Ottawa’s appeal of ruling on solitary confinement draws rebuke, ridicule
Prolonged solitary confinement is considered torture — “the most individually destructive, psychologically crippling and socially alienating experience that could conceivably exist within the borders of the country.”
The litany of side-effects includes anxiety, withdrawal, hypersensitivity, cognitive dysfunction, hallucinations, loss of control, irritability, aggression, rage, paranoia, hopelessness, a sense of impending breakdown, self-mutilation and suicide ideation.
It is considered next to useless as a rehabilitative tool, yet the federal government is unconscionably appealing a historic B.C. Supreme Court ruling that struck down as unconstitutional its “administrative segregation” regime.
“Instead of now doing everything it can to stop any other human dying alone in a cell, the government is defending the practice,” lamented Jay Aubrey, staff lawyer of the B.C. Civil Liberties Association, her voice heavy with emotion at a media conference Tuesday. “For everyone who has survived solitary confinement, for those who are still locked away, for those who will never get a chance to leave, we’re not going to turn away from your suffering — we’re going to continue to fight . ... Solitary confinement is torture and we will not stand for it.”
The medieval punishment mindset of the former Conservative government must still grip the federal legal bureaucracy.
Ottawa doesn’t deny the decades of documented abuse; instead, it insisted the legislation was misapplied and the court should provide “guidance” on its interpretation, not scrub it because of mistakes by prison wardens.
“Evidence that the provisions were not administered with restraint does not lead to the provisions being constitutionally invalid,” the government asserted.
“Rather, this may show they were administered in an unfair manner in individual cases.”

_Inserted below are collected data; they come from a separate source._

(* Assume the reduced model family $(V_k)_{k=1,\dots,K}$ is $(\varepsilon,\mu)$-admissible for some $\varepsilon>0$ and $\mu\ge1$. Let $u\in V$ satisfy $\operatorname{dist}(u,\mathcal M)\le\varepsilon_{model}$. Let the observation be $w=P_Wu+\eta$ with $\eta\in W$ and $\|\eta\|\le\varepsilon_{noise}$. Then the estimator obtained by surrogate model selection satisfies $$\|u-u^*(w)\|\le\delta_{\kappa\rho}+\varepsilon_{noise},\qquad \rho:=\mu(\varepsilon+\varepsilon_{noise})+(\mu+1)\varepsilon_{model},\quad\kappa=R/r.$$ For the idealized selection (minimizing $\operatorname{dist}(u_k^*(w),\mathcal M)$), the same bound holds with $\kappa=1$.
   Context: Let $V$ be a real Hilbert space with norm $\|\cdot\|$. Let $Y\subset\mathbb R^d$ be compact and let $y\mapsto u(y)$ be a continuous map from $Y$ to $V$. Set $\mathcal M=\{u(y):y\in Y\}$, which is compact. Let $W\subset V$ be a linear subspace of finite dimension $m$, let $P_W$ be the orthogonal projection onto $W$, and let $W^\perp$ be its orthogonal complement. For $w\in W$ put $V_w=w+W^\perp$. For $\sigma\ge 0$ define - $\mathcal M_\sigma=\{v\in V:\operatorname{dist}(v,\mathcal M)\le\sigma\}$; - $\delta_\sigma=\sup\{\|u-v\|: u,v\in\mathcal M_\sigma,\ u-v\in W^\perp\}$. For a finite-dimensional subspace $E\subset V$ let $\mu(E,W)=\sup_{v\in E\setminus\{0\}}\|v\|/\|P_Wv\|$, with the conventions $\mu(\{0\},W)=1$ and $\mu(E,W)=+\infty$ if $E\cap W^\perp\ne\{0\}$. A reduced model family consists of: - sets $\mathcal M_1,\dots,\mathcal M_K$ with $\mathcal M=\bigcup_{k=1}^K\mathcal M_k$; - affine spaces $V_k=\bar u_k+\bar V_k$, where $\bar u_k\in V$ and $\bar V_k$ is a linear subspace of dimension $n_k\le m$; - numbers $\varepsilon_k\ge\sup_{u\in\mathcal M_k}\operatorname{dist}(u,V_k)$; - constants $\mu_k=\mu(\bar V_k,W)<\infty$. The family is $(\varepsilon,\mu)$-admissible if $\varepsilon_k\le\varepsilon$ and $\mu_k\le\mu$ for all $k$. For $w\in W$ the PBDW estimators are $u_k^*(w)=\operatorname{argmin}\{\operatorname{dist}(v,V_k): v\in V_w\}$, $k=1,\dots,K$ (the minimizer is unique). A surrogate is a function $\mathcal S(\cdot,\mathcal M):V\to[0,\infty)$ with $r\operatorname{dist}(v,\mathcal M)\le\mathcal S(v,\mathcal M)\le R\operatorname{dist}(v,\mathcal M)$ for all $v\in V$, where $0<r\le R$ are constants; set $\kappa=R/r$. Surrogate model selection picks $k^*(w)$ as any minimizer of $k\mapsto\mathcal S(u_k^*(w),\mathcal M)$ over $\{1,\dots,K\}$ and sets $u^*(w)=u^*_{k^*(w)}(w)$. *)

theory Defs
  imports "HOL-Analysis.Analysis"
begin

definition fin_dim_subspace :: "'v::real_vector set \<Rightarrow> bool" where
  "fin_dim_subspace E \<longleftrightarrow> subspace E \<and> (\<exists>B. finite B \<and> span B = E)"

definition orth_proj :: "'v::real_inner set \<Rightarrow> 'v \<Rightarrow> 'v" where
  "orth_proj W v = (THE p. p \<in> W \<and> (\<forall>x\<in>W. inner (v - p) x = 0))"

definition affine_fiber :: "'v::real_inner set \<Rightarrow> 'v \<Rightarrow> 'v set" where
  "affine_fiber W w = (\<lambda>z. w + z) ` (orthogonal_comp W)"

definition fattening :: "'v::real_normed_vector set \<Rightarrow> real \<Rightarrow> 'v set" where
  "fattening M \<sigma> = {v. infdist v M \<le> \<sigma>}"

definition delta :: "'v::real_inner set \<Rightarrow> 'v set \<Rightarrow> real \<Rightarrow> real" where
  "delta M W \<sigma> = Sup {norm (u - v) | u v. u \<in> fattening M \<sigma> \<and> v \<in> fattening M \<sigma>
                         \<and> u - v \<in> orthogonal_comp W}"

definition mu_const :: "'v::real_inner set \<Rightarrow> 'v set \<Rightarrow> ereal" where
  "mu_const E W =
     (if E \<inter> orthogonal_comp W \<noteq> {0} then \<infinity>
      else if E = {0} then 1
      else Sup {ereal (norm v / norm (orth_proj W v)) | v. v \<in> E \<and> v \<noteq> 0})"

definition pbdw :: "'v::real_inner set \<Rightarrow> 'v set \<Rightarrow> 'v \<Rightarrow> 'v" where
  "pbdw W Vk w = (THE v. v \<in> affine_fiber W w \<and>
                     (\<forall>v'\<in>affine_fiber W w. infdist v Vk \<le> infdist v' Vk))"

end

theory Submission
  imports Defs
begin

It added that the two nonprofits behind the constitutional challenge — the BCCLA and the John Howard Society — weren’t victims and therefore disentitled to relief from the court.
Only individuals who had been affected could apply for a remedy, Ottawa maintained.
Josh Paterson, BCCLA executive director, ridiculed the suggestion the Liberal administration was seeking legal clarity; it was firing a broadside at the court ruling.
He was dismissive of the federal argument: “They’re essentially saying to the court, ‘Don’t worry, we’ve got this. We promise in future that we’ll administer the existing law in a way that doesn’t violate people’s constitutional rights. Just trust us.’ ... They would have us all believe they’ve learned a good lesson from this judgment but, boy, in the future they are going to do better.”
Justice Peter Leask’s 54,000word decision in January was pellucid and brutal.
He said the laws that permit prolonged solitary confinement violated the Charter of Rights and Freedoms, failed to provide an independent review of such decisions, deprived inmates of the right to counsel at the review, caused permanent harm and made prisons and society less safe.
He concluded the laws breached the right to life, liberty, and security of the person because segregation increased their risk of self-harm and suicide.
During a 36-day trial last year, experts testified that prolonged isolation can trigger mental illness where none existed and exacerbate pre-existing psychiatric conditions.
Thousands of prisoners were subjected to lengthy stints in solitary over the last 40 years — alone for up to 23 hours a day sometimes for months, sometimes years.
Victims of prolonged segregation, their families and families of individuals who have died in confinement gave passionate testimony of the anguish and suffering caused by such isolation.
The now-retired justice held the laws discriminated against the mentally ill, the disabled and First Nations, but he suspended the effect of his judgment for a year to give the government time to fix the situation.
Leask said there should be time limits of 15 days on solitary — longer periods are considered torture by the UN — and the government indicated it could implement that international standard.
There are about 14,000 inmates in federal institutions — nearly 700 women.
One in four incarcerated men and more than 40 per cent of imprisoned women spend some time in segregation annually.
The total in segregation declined from 815 in 2011-12 (five per cent of the total) to 430 in 2016-17 (three per cent of the total).
“While the average length of stay in AS in the 2015-2016 fiscal year was down 28 days, 43 per cent of inmates still stay in longer than 16 days, 26.9 per cent stay in longer than 31 days, 12.4 per cent stay in longer than 61 days, 9.1 per cent stay in longer than 91 days, and 5.7 per cent longer than 121 days,” the two groups said in their response.
The prime minister included as goals in his mandate letter to Attorney General Jody WilsonRaybould the abolition of indefinite solitary confinement and a ban on placing women in solitary for more than 15 days.
That has yet to occur.
Still, the government has a bill before Parliament that would place presumptive limits on segregation and provide for independent, external review.